[[ PROVIDED INFORMATION, beginning ]]

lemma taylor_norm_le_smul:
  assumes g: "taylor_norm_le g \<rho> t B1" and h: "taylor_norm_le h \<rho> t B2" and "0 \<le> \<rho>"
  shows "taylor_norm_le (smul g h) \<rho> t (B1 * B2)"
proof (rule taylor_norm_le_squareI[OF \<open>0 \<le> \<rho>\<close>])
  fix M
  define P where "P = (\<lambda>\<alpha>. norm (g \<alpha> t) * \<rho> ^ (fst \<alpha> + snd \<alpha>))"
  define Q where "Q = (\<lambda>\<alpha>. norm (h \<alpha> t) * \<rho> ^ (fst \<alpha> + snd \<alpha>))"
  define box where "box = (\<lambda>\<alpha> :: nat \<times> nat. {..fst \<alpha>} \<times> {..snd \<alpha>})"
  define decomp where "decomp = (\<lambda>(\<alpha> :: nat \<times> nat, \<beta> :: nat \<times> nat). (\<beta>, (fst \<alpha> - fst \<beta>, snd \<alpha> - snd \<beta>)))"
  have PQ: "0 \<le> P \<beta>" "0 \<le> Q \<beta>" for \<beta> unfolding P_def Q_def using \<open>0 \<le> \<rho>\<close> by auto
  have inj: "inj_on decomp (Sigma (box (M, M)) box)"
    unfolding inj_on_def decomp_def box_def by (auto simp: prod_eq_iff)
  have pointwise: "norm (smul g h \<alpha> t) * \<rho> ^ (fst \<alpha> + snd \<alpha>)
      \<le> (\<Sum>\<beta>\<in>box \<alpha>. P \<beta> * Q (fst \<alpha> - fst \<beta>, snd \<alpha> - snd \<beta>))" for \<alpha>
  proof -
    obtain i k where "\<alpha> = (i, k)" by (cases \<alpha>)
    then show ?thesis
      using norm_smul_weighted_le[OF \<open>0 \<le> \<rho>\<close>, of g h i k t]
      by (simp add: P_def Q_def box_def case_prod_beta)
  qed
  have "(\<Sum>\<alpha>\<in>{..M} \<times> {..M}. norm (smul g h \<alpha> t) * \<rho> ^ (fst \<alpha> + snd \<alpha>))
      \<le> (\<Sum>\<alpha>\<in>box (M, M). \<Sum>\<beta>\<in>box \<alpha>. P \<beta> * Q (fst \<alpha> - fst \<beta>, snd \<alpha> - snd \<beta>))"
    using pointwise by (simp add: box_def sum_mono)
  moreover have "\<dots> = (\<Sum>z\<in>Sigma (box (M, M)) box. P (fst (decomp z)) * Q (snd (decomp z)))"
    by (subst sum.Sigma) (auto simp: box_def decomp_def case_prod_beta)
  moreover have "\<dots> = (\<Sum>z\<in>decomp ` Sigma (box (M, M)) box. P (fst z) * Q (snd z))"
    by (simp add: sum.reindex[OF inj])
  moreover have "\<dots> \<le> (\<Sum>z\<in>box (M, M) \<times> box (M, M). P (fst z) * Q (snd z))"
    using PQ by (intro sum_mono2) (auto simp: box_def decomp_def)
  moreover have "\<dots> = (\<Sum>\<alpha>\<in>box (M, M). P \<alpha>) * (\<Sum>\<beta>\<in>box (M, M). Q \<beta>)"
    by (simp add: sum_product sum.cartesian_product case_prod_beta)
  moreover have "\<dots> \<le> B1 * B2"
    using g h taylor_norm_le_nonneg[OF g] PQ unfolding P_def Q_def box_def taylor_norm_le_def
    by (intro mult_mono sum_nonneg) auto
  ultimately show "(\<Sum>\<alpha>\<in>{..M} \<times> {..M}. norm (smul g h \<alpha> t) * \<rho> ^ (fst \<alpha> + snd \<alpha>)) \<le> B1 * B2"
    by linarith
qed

[[ PROVIDED INFORMATION, end ]]
[[ PROVIDED INFORMATION, beginning ]]

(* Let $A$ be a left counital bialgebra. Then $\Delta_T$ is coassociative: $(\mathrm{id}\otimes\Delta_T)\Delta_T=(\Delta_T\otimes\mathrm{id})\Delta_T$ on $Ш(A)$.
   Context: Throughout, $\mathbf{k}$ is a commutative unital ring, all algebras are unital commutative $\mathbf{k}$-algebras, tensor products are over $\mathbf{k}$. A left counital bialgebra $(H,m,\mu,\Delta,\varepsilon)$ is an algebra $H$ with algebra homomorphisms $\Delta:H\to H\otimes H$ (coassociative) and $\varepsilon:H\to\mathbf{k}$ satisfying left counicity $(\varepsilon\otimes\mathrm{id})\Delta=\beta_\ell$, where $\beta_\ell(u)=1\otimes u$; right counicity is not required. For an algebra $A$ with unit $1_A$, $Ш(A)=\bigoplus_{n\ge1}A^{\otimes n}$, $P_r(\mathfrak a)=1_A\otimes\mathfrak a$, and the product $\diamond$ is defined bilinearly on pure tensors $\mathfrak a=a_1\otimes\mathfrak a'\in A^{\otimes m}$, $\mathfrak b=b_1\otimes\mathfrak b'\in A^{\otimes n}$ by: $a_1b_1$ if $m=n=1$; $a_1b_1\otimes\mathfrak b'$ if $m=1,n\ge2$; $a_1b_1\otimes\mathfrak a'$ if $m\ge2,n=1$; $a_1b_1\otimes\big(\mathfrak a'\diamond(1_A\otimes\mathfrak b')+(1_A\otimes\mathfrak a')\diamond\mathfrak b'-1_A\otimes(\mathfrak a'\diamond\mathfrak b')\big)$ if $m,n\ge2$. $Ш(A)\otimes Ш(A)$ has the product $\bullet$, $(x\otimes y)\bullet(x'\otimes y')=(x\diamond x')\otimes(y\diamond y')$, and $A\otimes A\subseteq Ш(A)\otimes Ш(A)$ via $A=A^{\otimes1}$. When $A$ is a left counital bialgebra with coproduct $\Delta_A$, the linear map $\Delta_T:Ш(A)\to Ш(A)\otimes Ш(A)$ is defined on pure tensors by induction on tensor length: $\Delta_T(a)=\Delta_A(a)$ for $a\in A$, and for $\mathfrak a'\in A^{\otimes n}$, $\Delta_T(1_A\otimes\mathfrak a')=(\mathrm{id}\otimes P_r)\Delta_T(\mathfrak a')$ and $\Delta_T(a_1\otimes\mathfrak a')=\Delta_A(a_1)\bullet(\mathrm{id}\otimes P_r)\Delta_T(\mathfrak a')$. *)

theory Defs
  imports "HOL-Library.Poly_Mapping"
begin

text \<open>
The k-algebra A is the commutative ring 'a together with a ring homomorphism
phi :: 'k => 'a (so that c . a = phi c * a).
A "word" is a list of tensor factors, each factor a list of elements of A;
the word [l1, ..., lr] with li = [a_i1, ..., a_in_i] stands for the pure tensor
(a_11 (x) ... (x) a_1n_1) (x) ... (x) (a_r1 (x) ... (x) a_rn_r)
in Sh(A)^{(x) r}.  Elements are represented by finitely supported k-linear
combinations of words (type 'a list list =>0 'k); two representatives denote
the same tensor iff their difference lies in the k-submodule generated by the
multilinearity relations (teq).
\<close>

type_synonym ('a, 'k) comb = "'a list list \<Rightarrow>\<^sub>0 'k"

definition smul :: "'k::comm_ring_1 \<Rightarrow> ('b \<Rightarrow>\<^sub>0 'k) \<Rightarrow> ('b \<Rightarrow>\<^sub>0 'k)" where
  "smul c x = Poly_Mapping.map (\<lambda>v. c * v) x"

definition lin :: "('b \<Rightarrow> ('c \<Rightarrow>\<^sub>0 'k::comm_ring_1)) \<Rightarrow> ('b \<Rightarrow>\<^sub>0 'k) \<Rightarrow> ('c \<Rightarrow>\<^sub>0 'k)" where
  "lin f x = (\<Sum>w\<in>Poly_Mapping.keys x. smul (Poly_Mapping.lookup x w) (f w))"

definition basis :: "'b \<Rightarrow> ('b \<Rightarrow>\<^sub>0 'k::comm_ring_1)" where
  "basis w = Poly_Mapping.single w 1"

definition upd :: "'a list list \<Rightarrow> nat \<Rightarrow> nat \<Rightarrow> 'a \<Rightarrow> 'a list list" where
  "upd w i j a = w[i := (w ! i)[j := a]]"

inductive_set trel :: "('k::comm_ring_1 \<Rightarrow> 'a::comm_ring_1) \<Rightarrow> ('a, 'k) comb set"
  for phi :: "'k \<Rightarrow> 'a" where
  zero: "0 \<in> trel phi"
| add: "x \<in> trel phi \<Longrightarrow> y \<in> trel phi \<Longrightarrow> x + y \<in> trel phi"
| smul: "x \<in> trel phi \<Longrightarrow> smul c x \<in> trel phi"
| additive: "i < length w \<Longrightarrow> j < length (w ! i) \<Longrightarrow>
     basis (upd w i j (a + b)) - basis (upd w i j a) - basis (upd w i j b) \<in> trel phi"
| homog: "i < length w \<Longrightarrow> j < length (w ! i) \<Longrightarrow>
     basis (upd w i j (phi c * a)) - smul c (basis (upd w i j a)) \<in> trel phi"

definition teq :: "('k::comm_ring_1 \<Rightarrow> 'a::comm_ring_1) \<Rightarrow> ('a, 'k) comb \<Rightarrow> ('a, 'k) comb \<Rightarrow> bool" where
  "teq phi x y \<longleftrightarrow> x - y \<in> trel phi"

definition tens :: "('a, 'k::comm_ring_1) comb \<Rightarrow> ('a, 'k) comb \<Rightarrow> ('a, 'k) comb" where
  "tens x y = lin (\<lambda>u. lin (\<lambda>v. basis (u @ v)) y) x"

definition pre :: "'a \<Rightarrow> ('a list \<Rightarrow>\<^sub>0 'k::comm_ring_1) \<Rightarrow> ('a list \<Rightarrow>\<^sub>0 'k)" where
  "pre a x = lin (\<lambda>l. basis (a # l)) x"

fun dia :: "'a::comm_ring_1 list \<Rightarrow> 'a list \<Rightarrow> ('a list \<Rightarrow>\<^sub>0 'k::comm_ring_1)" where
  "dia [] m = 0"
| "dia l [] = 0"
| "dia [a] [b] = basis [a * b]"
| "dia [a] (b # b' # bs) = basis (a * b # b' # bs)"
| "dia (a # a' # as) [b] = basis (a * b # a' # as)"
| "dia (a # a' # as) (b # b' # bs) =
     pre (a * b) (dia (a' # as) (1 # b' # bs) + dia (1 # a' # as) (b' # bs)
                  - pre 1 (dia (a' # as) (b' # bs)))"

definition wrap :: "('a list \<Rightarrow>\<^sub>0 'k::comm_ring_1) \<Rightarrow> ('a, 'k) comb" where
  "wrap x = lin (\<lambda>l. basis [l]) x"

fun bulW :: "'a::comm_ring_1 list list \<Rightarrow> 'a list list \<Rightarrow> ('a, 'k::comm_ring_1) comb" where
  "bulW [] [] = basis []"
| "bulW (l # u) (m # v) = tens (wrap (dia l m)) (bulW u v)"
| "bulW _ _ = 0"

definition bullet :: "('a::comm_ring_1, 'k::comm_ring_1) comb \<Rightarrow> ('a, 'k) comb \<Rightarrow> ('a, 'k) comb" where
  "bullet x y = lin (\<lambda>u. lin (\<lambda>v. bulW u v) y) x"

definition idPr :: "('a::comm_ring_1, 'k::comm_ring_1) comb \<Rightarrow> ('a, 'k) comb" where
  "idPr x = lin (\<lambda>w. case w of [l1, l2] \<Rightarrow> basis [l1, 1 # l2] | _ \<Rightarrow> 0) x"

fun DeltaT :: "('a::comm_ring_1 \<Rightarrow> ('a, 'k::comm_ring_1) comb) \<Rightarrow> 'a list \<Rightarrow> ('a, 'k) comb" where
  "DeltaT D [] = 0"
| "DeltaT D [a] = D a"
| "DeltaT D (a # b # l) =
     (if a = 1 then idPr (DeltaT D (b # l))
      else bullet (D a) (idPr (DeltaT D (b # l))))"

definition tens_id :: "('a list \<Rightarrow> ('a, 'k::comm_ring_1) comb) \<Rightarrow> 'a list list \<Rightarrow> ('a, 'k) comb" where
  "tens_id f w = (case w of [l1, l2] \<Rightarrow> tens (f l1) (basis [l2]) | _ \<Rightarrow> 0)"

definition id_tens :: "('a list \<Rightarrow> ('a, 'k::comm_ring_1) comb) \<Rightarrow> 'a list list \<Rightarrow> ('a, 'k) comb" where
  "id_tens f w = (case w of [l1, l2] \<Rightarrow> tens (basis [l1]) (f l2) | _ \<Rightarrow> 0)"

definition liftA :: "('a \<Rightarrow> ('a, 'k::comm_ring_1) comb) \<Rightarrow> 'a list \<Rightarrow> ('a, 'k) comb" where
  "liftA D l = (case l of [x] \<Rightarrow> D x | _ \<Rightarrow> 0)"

[[ PROVIDED INFORMATION, end ]]
[[ PROVIDED INFORMATION, beginning ]]

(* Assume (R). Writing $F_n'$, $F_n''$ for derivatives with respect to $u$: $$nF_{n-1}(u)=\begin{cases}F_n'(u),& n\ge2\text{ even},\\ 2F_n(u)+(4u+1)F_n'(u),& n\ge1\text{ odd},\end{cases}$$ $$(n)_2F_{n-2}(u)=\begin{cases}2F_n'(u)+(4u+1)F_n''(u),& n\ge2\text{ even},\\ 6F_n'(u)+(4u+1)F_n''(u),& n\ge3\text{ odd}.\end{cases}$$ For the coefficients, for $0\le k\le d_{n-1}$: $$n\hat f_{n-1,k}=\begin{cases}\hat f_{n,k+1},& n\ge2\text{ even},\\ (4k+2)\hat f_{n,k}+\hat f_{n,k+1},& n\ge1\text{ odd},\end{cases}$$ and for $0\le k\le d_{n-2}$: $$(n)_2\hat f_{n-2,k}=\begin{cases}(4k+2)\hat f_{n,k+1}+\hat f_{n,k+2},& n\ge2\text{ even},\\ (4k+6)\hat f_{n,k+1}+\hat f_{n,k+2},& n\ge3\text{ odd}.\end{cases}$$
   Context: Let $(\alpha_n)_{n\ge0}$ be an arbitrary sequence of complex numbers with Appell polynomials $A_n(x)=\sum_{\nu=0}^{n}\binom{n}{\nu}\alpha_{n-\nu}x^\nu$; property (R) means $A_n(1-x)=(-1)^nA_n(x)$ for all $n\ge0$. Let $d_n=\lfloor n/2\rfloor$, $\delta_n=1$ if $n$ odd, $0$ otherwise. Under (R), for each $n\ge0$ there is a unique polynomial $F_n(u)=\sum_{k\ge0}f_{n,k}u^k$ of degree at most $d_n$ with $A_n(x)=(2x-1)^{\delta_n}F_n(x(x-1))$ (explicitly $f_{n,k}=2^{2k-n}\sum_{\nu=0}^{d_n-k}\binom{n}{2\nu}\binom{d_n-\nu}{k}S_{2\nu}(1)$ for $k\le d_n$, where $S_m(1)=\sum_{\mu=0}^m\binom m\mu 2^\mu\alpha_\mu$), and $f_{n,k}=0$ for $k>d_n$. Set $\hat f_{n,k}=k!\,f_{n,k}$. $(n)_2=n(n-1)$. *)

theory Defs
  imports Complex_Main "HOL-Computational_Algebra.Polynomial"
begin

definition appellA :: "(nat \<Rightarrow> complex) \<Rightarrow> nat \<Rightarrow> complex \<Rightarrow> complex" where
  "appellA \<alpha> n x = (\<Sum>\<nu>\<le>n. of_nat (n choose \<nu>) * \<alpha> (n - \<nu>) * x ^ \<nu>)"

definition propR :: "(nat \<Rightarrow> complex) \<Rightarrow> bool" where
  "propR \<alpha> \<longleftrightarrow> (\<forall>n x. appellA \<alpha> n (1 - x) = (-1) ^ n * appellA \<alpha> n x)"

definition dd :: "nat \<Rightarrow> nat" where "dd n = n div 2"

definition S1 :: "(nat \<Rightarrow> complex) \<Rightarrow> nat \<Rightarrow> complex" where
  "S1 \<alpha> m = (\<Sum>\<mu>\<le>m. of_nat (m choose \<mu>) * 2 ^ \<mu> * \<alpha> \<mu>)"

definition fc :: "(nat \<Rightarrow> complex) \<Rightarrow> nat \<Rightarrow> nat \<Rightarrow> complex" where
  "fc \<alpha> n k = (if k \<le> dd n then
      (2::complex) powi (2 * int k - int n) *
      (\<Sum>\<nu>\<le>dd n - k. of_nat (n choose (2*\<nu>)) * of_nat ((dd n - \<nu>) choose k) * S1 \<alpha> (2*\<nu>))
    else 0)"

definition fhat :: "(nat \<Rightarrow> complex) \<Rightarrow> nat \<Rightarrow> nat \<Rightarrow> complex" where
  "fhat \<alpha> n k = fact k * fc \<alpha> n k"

[[ PROVIDED INFORMATION, end ]]

ASSIGNMENT:
Please write out, exactly as they appear above, only the lines in the stretch from the line with "(M, M). \<Sum>\<beta>\<in>box" through the line with "by (subst sum.Sigma)".

RESULT OF THE TASK:
      \<le> (\<Sum>\<alpha>\<in>box (M, M). \<Sum>\<beta>\<in>box \<alpha>. P \<beta> * Q (fst \<alpha> - fst \<beta>, snd \<alpha> - snd \<beta>))"
    using pointwise by (simp add: box_def sum_mono)
  moreover have "\<dots> = (\<Sum>z\<in>Sigma (box (M, M)) box. P (fst (decomp z)) * Q (snd (decomp z)))"
    by (subst sum.Sigma) (auto simp: box_def decomp_def case_prod_beta)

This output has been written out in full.